調達部員が、設計部門の役員を訴訟したらどうなるか(坂口孝則)

以前、フィリピンに行きました。ついでに知人にお願いしてカジノに連れて行ってもらいました。その知人はVIPルームに入る権利をもっているのです。そこで、世界中の金持ちたちによって、数億円、数十億円が一度に賭けられている様子を目の当たりにし、頭がクラクラしてきました。こういう世界もあるのですね。

こういうカジノが大阪などにできるかもしれません。私はシンガポールやフィリピンにもあるのに、日本にカジノを設立する効果があるのか不明と思ってきました。しかし、帰国後に知人に話すと、「凄い効果があるはずだ」といいます。なぜなら、富豪が家族でカジノに向かう際、夫はカジノ、妻と子供が観光、というのが一般的なパターンらしいのです。しかし、日本ほど観光や食事を楽しめる国はない、絶対に日本しか行きたくないというはずだ、と予想していました。

私が考えたこともなかったため参考になりました。常に、違った角度から考えることが大切なんですね。

以前、私が電気自動車の将来について某誌に原稿を書いたことがあります。よく「これからはモーターとバッテリーさえあれば自動車を生産できるようになる」といったたぐいの文章を見ますが、あれは自動車の生産ラインをまったく知らない阿呆でしょうね。数万台でも苦戦しているのに、数百万台規模をたやすく生産できるはずはありません。くわえて、原稿を書いたあとに聞いたのですが、ある銅山開発会社のひとにいわせれば、「電気自動車は大量の銅山を必要とする。世界規模で銅山開発をするのは現実的ではない」といっていました。

これもつねに考える視点を変える大切さを教えてくれました。

昨年、中国で上海や重慶がマイナス成長になったことが伝えられました。しかし、中国経済のプロにいわせると違うらしい。習近平が量より質の経済政策を打ち出し、「各省は経済成長率を水増しする必要がなくなった」のが実際のようです。
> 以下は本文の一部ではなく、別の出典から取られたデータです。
(* Fix $T\ge1$, $K\ge2$, $V_T>0$ and a batch size $\Delta\in\{1,\dots,T\}$; partition $\{1,\dots,T\}$ into consecutive batches $\mathcal{T}_j=\{t:(j-1)\Delta+1\le t\le\min\{j\Delta,T\}\}$, $j=1,\dots,m=\lceil T/\Delta\rceil$. Suppose a policy $\pi$ runs, in each batch, a procedure (restarted at the start of the batch) such that for every $\mu\in\mathcal{V}$ and every batch $j$, \[ \mathbb{E}\Big[\max_{k\in\mathcal{K}}\sum_{t\in\mathcal{T}_j}X_t^k\Big]-\mathbb{E}^\pi\Big[\sum_{t\in\mathcal{T}_j}\mu_t^{\pi_t}\Big]\le B. \] Then $\mathcal{R}^\pi(\mathcal{V},T)\le \lceil T/\Delta\rceil\, B+2\Delta V_T$. In particular, for Exp3 restarted every $\Delta$ epochs with $\gamma=\min\{1,\sqrt{K\log K/((e-1)\Delta)}\}$, for which $B=2\sqrt{e-1}\sqrt{\Delta K\log K}$, one gets $\mathcal{R}^\pi(\mathcal{V},T)\le \big(\tfrac{T}{\Delta}+1\big)2\sqrt{e-1}\sqrt{\Delta K\log K}+2\Delta V_T$.
   Context: Multi-armed bandit with arms $\mathcal{K}=\{1,\dots,K\}$ and epochs $t\in\{1,\dots,T\}$; pulling arm $k$ at epoch $t$ yields reward $X_t^k\in[0,1]$ with mean $\mu_t^k$, rewards independent across epochs and of the policy's randomization; $\mu_t^*=\max_k\mu_t^k$. $\mathcal{V}=\{\mu\in[0,1]^{K\times T}:\ \sum_{t=1}^{T-1}\sup_{k}|\mu_t^k-\mu_{t+1}^k|\le V_T\}$. Regret: $\mathcal{R}^{\pi}(\mathcal{V},T)=\sup_{\mu\in\mathcal{V}}\{\sum_{t=1}^T\mu_t^*-\mathbb{E}^\pi[\sum_{t=1}^T\mu_t^{\pi_t}]\}$. Exp3 with parameter $\gamma$: starting from weights $w^k=1$, at each epoch play arm $k$ with probability $p_t^k=(1-\gamma)w_t^k/\sum_{k'}w_t^{k'}+\gamma/K$, observe the reward $X_t^{k'}$ of the played arm $k'$, set $\hat X_t^{k'}=X_t^{k'}/p_t^{k'}$, $\hat X_t^k=0$ otherwise, and update $w_{t+1}^k=w_t^k\exp\{\gamma\hat X_t^k/K\}$. *)

theory Defs
  imports "HOL-Probability.Probability"
begin

text \<open>Arms are 1..K, epochs are 1..T. The reward vector of epoch t is a function
  on the arms with values in [0,1]; its law is a probability measure on this space.\<close>

definition rewspace :: "nat \<Rightarrow> (nat \<Rightarrow> real) measure" where
  "rewspace K = PiM {1..K} (\<lambda>_. restrict_space borel {0..1::real})"

text \<open>An environment assigns to each epoch t the law nu t of the reward vector
  (X_t^1,...,X_t^K); rewards are independent across epochs, so the joint law of the
  whole reward table is the product measure.\<close>

definition omega :: "nat \<Rightarrow> (nat \<Rightarrow> (nat \<Rightarrow> real) measure) \<Rightarrow> (nat \<Rightarrow> nat \<Rightarrow> real) measure" where
  "omega T \<nu> = PiM {1..T} \<nu>"

definition mu :: "(nat \<Rightarrow> (nat \<Rightarrow> real) measure) \<Rightarrow> nat \<Rightarrow> nat \<Rightarrow> real" where
  "mu \<nu> t k = (\<integral>y. y k \<partial>\<nu> t)"

definition mustar :: "nat \<Rightarrow> (nat \<Rightarrow> (nat \<Rightarrow> real) measure) \<Rightarrow> nat \<Rightarrow> real" where
  "mustar K \<nu> t = Max ((\<lambda>k. mu \<nu> t k) ` {1..K})"

definition Vset :: "nat \<Rightarrow> nat \<Rightarrow> real \<Rightarrow> (nat \<Rightarrow> nat \<Rightarrow> real) set" where
  "Vset K T VT = {m. (\<forall>t\<in>{1..T}. \<forall>k\<in>{1..K}. m t k \<in> {0..1}) \<and>
      (\<Sum>t=1..T-1. Max ((\<lambda>k. \<bar>m t k - m (t+1) k\<bar>) ` {1..K})) \<le> VT}"

definition envs :: "nat \<Rightarrow> nat \<Rightarrow> real \<Rightarrow> (nat \<Rightarrow> (nat \<Rightarrow> real) measure) set" where
  "envs K T VT = {\<nu>. (\<forall>t\<in>{1..T}. prob_space (\<nu> t) \<and> sets (\<nu> t) = sets (rewspace K))
                       \<and> mu \<nu> \<in> Vset K T VT}"

text \<open>A (randomized, non-anticipating) policy: at epoch t, given the history
  [(arm played, reward observed)] of epochs 1..t-1, it draws the arm from a pmf. \<close>

definition hist :: "(nat \<Rightarrow> nat \<Rightarrow> real) \<Rightarrow> nat list \<Rightarrow> (nat \<times> real) list" where
  "hist x as = map (\<lambda>(s, a). (a, x s a)) (zip [1..<Suc (length as)] as)"

fun play :: "(nat \<Rightarrow> (nat \<times> real) list \<Rightarrow> nat pmf) \<Rightarrow> (nat \<Rightarrow> nat \<Rightarrow> real) \<Rightarrow> nat \<Rightarrow> nat list pmf" where
  "play \<pi> x 0 = return_pmf []"
| "play \<pi> x (Suc n) = bind_pmf (play \<pi> x n) (\<lambda>as. map_pmf (\<lambda>a. as @ [a]) (\<pi> (Suc n) (hist x as)))"

definition valid_policy :: "nat \<Rightarrow> (nat \<Rightarrow> (nat \<times> real) list \<Rightarrow> nat pmf) \<Rightarrow> bool" where
  "valid_policy K \<pi> \<longleftrightarrow> (\<forall>t h. set_pmf (\<pi> t h) \<subseteq> {1..K})"

definition policy_measurable :: "nat \<Rightarrow> (nat \<Rightarrow> (nat \<times> real) list \<Rightarrow> nat pmf)
     \<Rightarrow> (nat \<Rightarrow> (nat \<Rightarrow> real) measure) \<Rightarrow> bool" where
  "policy_measurable T \<pi> \<nu> \<longleftrightarrow>
     (\<forall>n as. (\<lambda>x. pmf (play \<pi> x n) as) \<in> borel_measurable (omega T \<nu>))"

text \<open>E^pi [ sum_{t in S} mu_t^{pi_t} ] (arm at epoch t is as ! (t-1)).\<close>

definition pol_reward :: "nat \<Rightarrow> (nat \<Rightarrow> (nat \<times> real) list \<Rightarrow> nat pmf)
     \<Rightarrow> (nat \<Rightarrow> (nat \<Rightarrow> real) measure) \<Rightarrow> nat set \<Rightarrow> real" where
  "pol_reward T \<pi> \<nu> S = (\<integral>x. measure_pmf.expectation (play \<pi> x T)
        (\<lambda>as. \<Sum>t\<in>S. mu \<nu> t (as ! (t - 1))) \<partial>omega T \<nu>)"

definition exp_max :: "nat \<Rightarrow> nat \<Rightarrow> (nat \<Rightarrow> (nat \<Rightarrow> real) measure) \<Rightarrow> nat set \<Rightarrow> real" where
  "exp_max K T \<nu> S = (\<integral>x. Max ((\<lambda>k. \<Sum>t\<in>S. x t k) ` {1..K}) \<partial>omega T \<nu>)"

definition regret :: "nat \<Rightarrow> nat \<Rightarrow> real \<Rightarrow> (nat \<Rightarrow> (nat \<times> real) list \<Rightarrow> nat pmf) \<Rightarrow> ereal" where
  "regret K T VT \<pi> = (SUP \<nu>\<in>envs K T VT.
      ereal ((\<Sum>t=1..T. mustar K \<nu> t) - pol_reward T \<pi> \<nu> {1..T}))"

definition batch :: "nat \<Rightarrow> nat \<Rightarrow> nat \<Rightarrow> nat set" where
  "batch \<Delta> T j = {t. (j - 1) * \<Delta> + 1 \<le> t \<and> t \<le> min (j * \<Delta>) T}"

text \<open>Exp3 with parameter gamma, restarted at the beginning of every batch of length Delta.\<close>

definition exp3_prob :: "nat \<Rightarrow> real \<Rightarrow> (nat \<Rightarrow> real) \<Rightarrow> nat \<Rightarrow> real" where
  "exp3_prob K \<gamma> w k = (1 - \<gamma>) * w k / (\<Sum>k'\<in>{1..K}. w k') + \<gamma> / real K"

definition exp3_step :: "nat \<Rightarrow> real \<Rightarrow> (nat \<Rightarrow> real) \<Rightarrow> nat \<times> real \<Rightarrow> (nat \<Rightarrow> real)" where
  "exp3_step K \<gamma> w ar = (case ar of (a, r) \<Rightarrow>
      w(a := w a * exp (\<gamma> * (r / exp3_prob K \<gamma> w a) / real K)))"

definition exp3_weights :: "nat \<Rightarrow> real \<Rightarrow> (nat \<times> real) list \<Rightarrow> (nat \<Rightarrow> real)" where
  "exp3_weights K \<gamma> h = foldl (exp3_step K \<gamma>) (\<lambda>_. 1) h"

definition exp3_restart :: "nat \<Rightarrow> nat \<Rightarrow> real \<Rightarrow> nat \<Rightarrow> (nat \<times> real) list \<Rightarrow> nat pmf" where
  "exp3_restart K \<Delta> \<gamma> t h = embed_pmf (\<lambda>k. if k \<in> {1..K}
      then exp3_prob K \<gamma> (exp3_weights K \<gamma> (drop (((t - 1) div \<Delta>) * \<Delta>) h)) k else 0)"

end

theory Submission
  imports Defs
begin

text \<open>
  The regret of a batched policy is split batch by batch:
  in batch j the dynamic benchmark exceeds the static benchmark
  E[max_k sum_{t in T_j} X_t^k] by at most 2 Delta V_j, where V_j is the variation of
  the mean table inside the batch (every mean moves by at most V_j within the batch, and
  the batch has at most Delta epochs), while the static benchmark exceeds the policy's
  reward by at most B by hypothesis.  Summing over the ceil(T/Delta) batches, and using
  sum_j V_j <= V_T, gives the first claim (lemma regret_le_batch_bound).

  Conditionally on a fixed reward table the arm
  sequence is a finite random path; along each path the logarithm of the total Exp3
  weight grows by at most a quantity whose expectation is controlled through the
  unbiasedness of the importance-weighted reward estimates (the classical argument of
  Auer et al.); integrating over the reward table then gives the batch bound.
\<close>

subsection \<open>The law of the arm path of a policy\<close>

definition arm_seqs :: "nat \<Rightarrow> nat \<Rightarrow> nat list set" where
  "arm_seqs K n = {as. length as = n \<and> set as \<subseteq> {1..K}}"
ずっと水増しが進んできたため正常化しただけだといいます。

きっと私たちも調達・購買業務の常識にがんじがらめになっていて、ちょっと視点をズラすだけで、だいぶ違う世界が広がっているに違いありません。

たとえば、よく「設計部門が調達部門が勧める安価な製品を採用してくれない」とか「設計部門が勝手なことばかりする」といった話を聞きます。もし調達部門に従ったほうが全社方針に沿っているというのであれば、調達部門が自社株買いしたあとに、その設計部門の執行役員を訴訟すればいいのではないでしょうか。会社は株主のものであり、株主が全社方針を承認します。全体の利益に反する場合は、対象者にたいして株主代表訴訟が可能です。

「そんなこと考えたこともなかった」と誰もがいいます。そう思って、申し上げているのです。そして、そうやって視点を変えるとさまざまなものが見えてくるはずです。そもそも、「調達部門が設計部門に製品を推奨するほど、技術知識はあるだろうか」とか。

現在、もっとも怖いのは、硬直化した視点からの思い込みだ、と私は信じています。